- Born: July 14, 1940 Eibelshausen
- Died: August 9, 1994 (aged 54) Saint-Gotthard Massif
- Cause of death: Gliding accident (cause unclear)
- Known for: Competition gliding; Glider design and manufacture
- Spouse: Brigitte
- Relatives: Tilo, Ralf (son)

= Klaus Holighaus =

Klaus Holighaus (14 July 1940 - 9 August 1994) was a glider designer, glider pilot and entrepreneur.

Klaus Holighaus was born in Eibelshausen, Germany. He started his career in gliding when he was an engineering student at the Technische Hochschule Darmstadt, where he was a member of its Akaflieg. Fellow students Gerhard Waibel and Wolf Lemke had already developed the D-36 glider and he contributed to its refinement. He joined Schempp-Hirth as an employee in 1965. He became Chief Executive in 1972 and from 1977 Holighaus was the sole owner of the business. He designed most of the company's products, beginning with the Cirrus until the Nimbus-4.

Holighaus flew in every German National Championship from 1968, winning six times in the Open Class. He became European Champion three times and finished in the top rankings of the nine World Championships in which he competed. He held 16 World Records in various categories.

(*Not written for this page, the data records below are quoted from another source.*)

(* Let $\varepsilon>0$, $\kappa\ge\frac14$, $\Delta t>0$, $C_4=\frac{1}{1-e^{-2}}$, $\gamma^{(0)}=3C_4(1+\kappa)$, $\gamma_1^{(0)}=\frac32C_4(1+\kappa)$, $\gamma_3^{(0)}=\frac12C_4(1+\kappa)$, $\alpha_0=\ln\Big(\frac{\gamma^{(0)}+\frac12\kappa}{\gamma^{(0)}-\frac12\kappa}\Big)$, and suppose $A\ge(\gamma^{(0)}-\frac{\kappa}{4})^4\alpha_0^{-2}\varepsilon^{-2}$. Let $u^{-2},u^{-1},u^0$ be real periodic grid functions with equal means, and let $u^{n+1}$, $n\ge0$, be defined by $$u^{n+1}=e^{-\Delta tL_N}u^n-A\Delta t^3\phi_0(L_N)\Delta_N^2(u^{n+1}-u^n)-\Delta t\,\phi_0(L_N)f_N(u^n)-\Delta t\,\phi_1(L_N)\Big(\tfrac32f_N(u^n)-2f_N(u^{n-1})+\tfrac12f_N(u^{n-2})\Big)-\Delta t\,\phi_2(L_N)\Big(\tfrac12f_N(u^n)-f_N(u^{n-1})+\tfrac12f_N(u^{n-2})\Big).$$ Then for all $k\ge0$, $$E_N(u^k)\le E_N(u^0)+\gamma_1^{(0)}\|\nabla_N(u^0-u^{-1})\|_2^2+\gamma_3^{(0)}\|\nabla_N(u^{-1}-u^{-2})\|_2^2.$$
   Context: Setting: $\Omega=(0,1)^2$, $N=2K+1$, $h=1/N$, grid $x_i=ih$, $y_j=jh$; periodic grid functions have discrete Fourier expansions $f_{i,j}=\sum_{k,\ell=-K}^{K}\hat f_{k,\ell}\exp(2\pi\mathrm{i}(kx_i+\ell y_j))$. Spectral operators act as Fourier multipliers: $\mathcal D_{Nx}$, $\mathcal D_{Ny}$ by $2\pi\mathrm{i}k$, $2\pi\mathrm{i}\ell$; $\nabla_N f=(\mathcal D_{Nx}f,\mathcal D_{Ny}f)$, $\nabla_N\cdot(f_1,f_2)=\mathcal D_{Nx}f_1+\mathcal D_{Ny}f_2$, $\Delta_N$ has multiplier $-\lambda_{k,\ell}$, $\lambda_{k,\ell}=(2k\pi)^2+(2\ell\pi)^2$. Inner product $\langle f,g\rangle=h^2\sum_{i,j}f_{i,j}g_{i,j}$, $\|f\|_2=\langle f,f\rangle^{1/2}$. $L_N=\varepsilon^2\Delta_N^2-\kappa\Delta_N$ with multiplier $\Lambda_{k,\ell}=\varepsilon^2\lambda_{k,\ell}^2+\kappa\lambda_{k,\ell}$; $e^{-\Delta tL_N}$ has multiplier $e^{-\Delta t\Lambda_{k,\ell}}$. With $g_0(x)=\frac{1-e^{-x}}{x}$, $g_1(x)=\frac{1-g_0(x)}{x}$, $g_2(x)=\frac{1-2g_1(x)}{x}$, the operators $\phi_j(L_N)$, $j=0,1,2$, are the multipliers $g_j(\Delta t\Lambda_{k,\ell})$ on nonzero modes (equivalently $\phi_0=(\Delta tL_N)^{-1}(I-e^{-\Delta tL_N})$, $\phi_1=(\Delta tL_N)^{-1}(I-\phi_0)$, $\phi_2=(\Delta tL_N)^{-1}(I-2\phi_1)$), applied to zero-mean grid functions. Nonlinearity (pointwise): $f_N(u)=\nabla_N\cdot\Big(\frac{\nabla_N u}{1+|\nabla_N u|^2}\Big)+\kappa\Delta_N u$. Discrete energy: $E_N(\phi)=h^2\sum_{i,j}\big(-\frac12\ln(1+|\nabla_N\phi|^2)_{i,j}\big)+\frac{\varepsilon^2}{2}\|\Delta_N\phi\|_2^2$. *)

theory Defs
  imports Complex_Main
begin

text \<open>Grid functions on the (2K+1) x (2K+1) periodic grid, x_i = i h, h = 1/N, N = 2K+1.
  Only the values at indices i, j < N are relevant.\<close>
type_synonym grid = "nat \<Rightarrow> nat \<Rightarrow> real"

definition gridN :: "nat \<Rightarrow> nat" where
  "gridN K = 2 * K + 1"

definition gridh :: "nat \<Rightarrow> real" where
  "gridh K = 1 / real (gridN K)"

text \<open>Discrete Fourier coefficients: f_{i,j} = sum_{k,l=-K..K} fhat_{k,l} exp(2 pi i (k x_i + l y_j)).\<close>
definition dft :: "nat \<Rightarrow> grid \<Rightarrow> int \<Rightarrow> int \<Rightarrow> complex" where
  "dft K f k l = (1 / of_nat ((gridN K)\<^sup>2)) *
     (\<Sum>i<gridN K. \<Sum>j<gridN K. complex_of_real (f i j) *
        cis (- 2 * pi * (real_of_int k * real i + real_of_int l * real j) / real (gridN K)))"

text \<open>Fourier multiplier operator with symbol m (real part taken; for the symbols
  used here the result is real anyway).\<close>
definition fmult :: "nat \<Rightarrow> (int \<Rightarrow> int \<Rightarrow> complex) \<Rightarrow> grid \<Rightarrow> grid" where
  "fmult K m f i j = Re (\<Sum>k\<in>{- int K..int K}. \<Sum>l\<in>{- int K..int K}.
      m k l * dft K f k l *
      cis (2 * pi * (real_of_int k * real i + real_of_int l * real j) / real (gridN K)))"

definition DNx :: "nat \<Rightarrow> grid \<Rightarrow> grid" where
  "DNx K = fmult K (\<lambda>k l. \<i> * complex_of_real (2 * pi * real_of_int k))"

definition DNy :: "nat \<Rightarrow> grid \<Rightarrow> grid" where
  "DNy K = fmult K (\<lambda>k l. \<i> * complex_of_real (2 * pi * real_of_int l))"

definition lam :: "int \<Rightarrow> int \<Rightarrow> real" where
  "lam k l = (2 * real_of_int k * pi)\<^sup>2 + (2 * real_of_int l * pi)\<^sup>2"

definition LapN :: "nat \<Rightarrow> grid \<Rightarrow> grid" where
  "LapN K = fmult K (\<lambda>k l. complex_of_real (- lam k l))"

definition Lap2N :: "nat \<Rightarrow> grid \<Rightarrow> grid" where
  "Lap2N K = fmult K (\<lambda>k l. complex_of_real ((lam k l)\<^sup>2))"

text \<open>Symbol of L_N = eps^2 Delta_N^2 - kappa Delta_N\<close>
definition LamL :: "real \<Rightarrow> real \<Rightarrow> int \<Rightarrow> int \<Rightarrow> real" where
  "LamL eps kappa k l = eps\<^sup>2 * (lam k l)\<^sup>2 + kappa * lam k l"

definition expL :: "nat \<Rightarrow> real \<Rightarrow> real \<Rightarrow> real \<Rightarrow> grid \<Rightarrow> grid" where
  "expL K eps kappa dt = fmult K (\<lambda>k l. complex_of_real (exp (- dt * LamL eps kappa k l)))"

text \<open>g_0, g_1, g_2, continuously extended at 0 (the zero mode is irrelevant, since
  the phi_j are only applied to zero-mean grid functions).\<close>
definition g0 :: "real \<Rightarrow> real" where
  "g0 x = (if x = 0 then 1 else (1 - exp (- x)) / x)"

definition g1 :: "real \<Rightarrow> real" where
  "g1 x = (if x = 0 then 1/2 else (1 - g0 x) / x)"

definition g2 :: "real \<Rightarrow> real" where
  "g2 x = (if x = 0 then 1/3 else (1 - 2 * g1 x) / x)"

definition phiL :: "(real \<Rightarrow> real) \<Rightarrow> nat \<Rightarrow> real \<Rightarrow> real \<Rightarrow> real \<Rightarrow> grid \<Rightarrow> grid" where
  "phiL g K eps kappa dt = fmult K (\<lambda>k l. complex_of_real (g (dt * LamL eps kappa k l)))"

definition gradsq :: "nat \<Rightarrow> grid \<Rightarrow> grid" where
  "gradsq K u i j = (DNx K u i j)\<^sup>2 + (DNy K u i j)\<^sup>2"

definition fN :: "nat \<Rightarrow> real \<Rightarrow> grid \<Rightarrow> grid" where
  "fN K kappa u i j =
     DNx K (\<lambda>a b. DNx K u a b / (1 + gradsq K u a b)) i j
   + DNy K (\<lambda>a b. DNy K u a b / (1 + gradsq K u a b)) i j
   + kappa * LapN K u i j"

definition ip :: "nat \<Rightarrow> grid \<Rightarrow> grid \<Rightarrow> real" where
  "ip K f g = (gridh K)\<^sup>2 * (\<Sum>i<gridN K. \<Sum>j<gridN K. f i j * g i j)"

definition norm2sq :: "nat \<Rightarrow> grid \<Rightarrow> real" where
  "norm2sq K f = ip K f f"

definition gradnorm2sq :: "nat \<Rightarrow> grid \<Rightarrow> real" where
  "gradnorm2sq K f = norm2sq K (DNx K f) + norm2sq K (DNy K f)"

definition gmean :: "nat \<Rightarrow> grid \<Rightarrow> real" where
  "gmean K f = (gridh K)\<^sup>2 * (\<Sum>i<gridN K. \<Sum>j<gridN K. f i j)"

definition EN :: "nat \<Rightarrow> real \<Rightarrow> grid \<Rightarrow> real" where
  "EN K eps \<phi> = (gridh K)\<^sup>2 * (\<Sum>i<gridN K. \<Sum>j<gridN K. - (1/2) * ln (1 + gradsq K \<phi> i j))
      + eps\<^sup>2 / 2 * norm2sq K (LapN K \<phi>)"

definition C4 :: real where "C4 = 1 / (1 - exp (- 2))"
definition gamma0 :: "real \<Rightarrow> real" where "gamma0 kappa = 3 * C4 * (1 + kappa)"
definition gamma10 :: "real \<Rightarrow> real" where "gamma10 kappa = 3/2 * C4 * (1 + kappa)"
definition gamma30 :: "real \<Rightarrow> real" where "gamma30 kappa = 1/2 * C4 * (1 + kappa)"
definition alpha0 :: "real \<Rightarrow> real" where
  "alpha0 kappa = ln ((gamma0 kappa + kappa / 2) / (gamma0 kappa - kappa / 2))"

end

theory Submission
  imports Defs
begin

text \<open>Every operator of the scheme is a Fourier multiplier, so by Parseval the scheme decouples
  into one scalar equation per mode. Testing the mode equation against the increment
  \<open>U\<^sup>n\<^sup>+\<^sup>1 - U\<^sup>n\<close> turns the linear part into a quadratic form whose diagonal weight
  \<open>1 / (\<Delta>t g0) + A \<Delta>t\<^sup>2 \<lambda>\<^sup>2\<close> dominates \<open>\<epsilon>\<^sup>2 \<lambda>\<^sup>2 / 2 + (5 + 2 \<kappa> + \<gamma>\<^sub>1) \<lambda>\<close> uniformly in
  \<open>\<Delta>t\<close> once \<open>A\<close> is as large as assumed. The energy density \<open>-ln (1 + |p|\<^sup>2) / 2\<close> has Hessian
  bounded by the identity and its flux \<open>p / (1 + |p|\<^sup>2)\<close> is Lipschitz, so the nonlinear history
  terms are absorbed by the gradient norms of the last three increments. Hence the modified energy
  \<open>E\<^sub>N(u\<^sup>n) + \<gamma>\<^sub>1 |\<nabla>\<^sub>N(u\<^sup>n - u\<^sup>n\<^sup>-\<^sup>1)|\<^sup>2 + \<gamma>\<^sub>3 |\<nabla>\<^sub>N(u\<^sup>n\<^sup>-\<^sup>1 - u\<^sup>n\<^sup>-\<^sup>2)|\<^sup>2\<close> is nonincreasing.\<close>

section \<open>Discrete Fourier analysis on the periodic grid\<close>

lemma gridN_pos: "0 < gridN K"
  by (simp add: gridN_def)

abbreviation gridNr :: "nat \<Rightarrow> real" where
  "gridNr K \<equiv> real (gridN K)"

lemma gridNr_nonzero [simp]: "gridNr K \<noteq> 0"
  using gridN_pos[of K] by simp

abbreviation modes :: "nat \<Rightarrow> int set" where
  "modes K \<equiv> {- int K..int K}"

Holighaus was killed in the area of St. Gotthard when flying in the Alps from Samedan, Switzerland. The wreckage was not discovered for two days. The cause of the accident is not clear, but a possible factor was the deteriorating weather on the day and he may have unsuccessfully tried to cross a mountain pass. He had logged 8,168 hours in gliders.

He married Brigitte. His son, Tilo, continues the Schempp-Hirth business.
After his death, a road in Kirchheim unter Teck was named Klaus-Holighaus-Straße.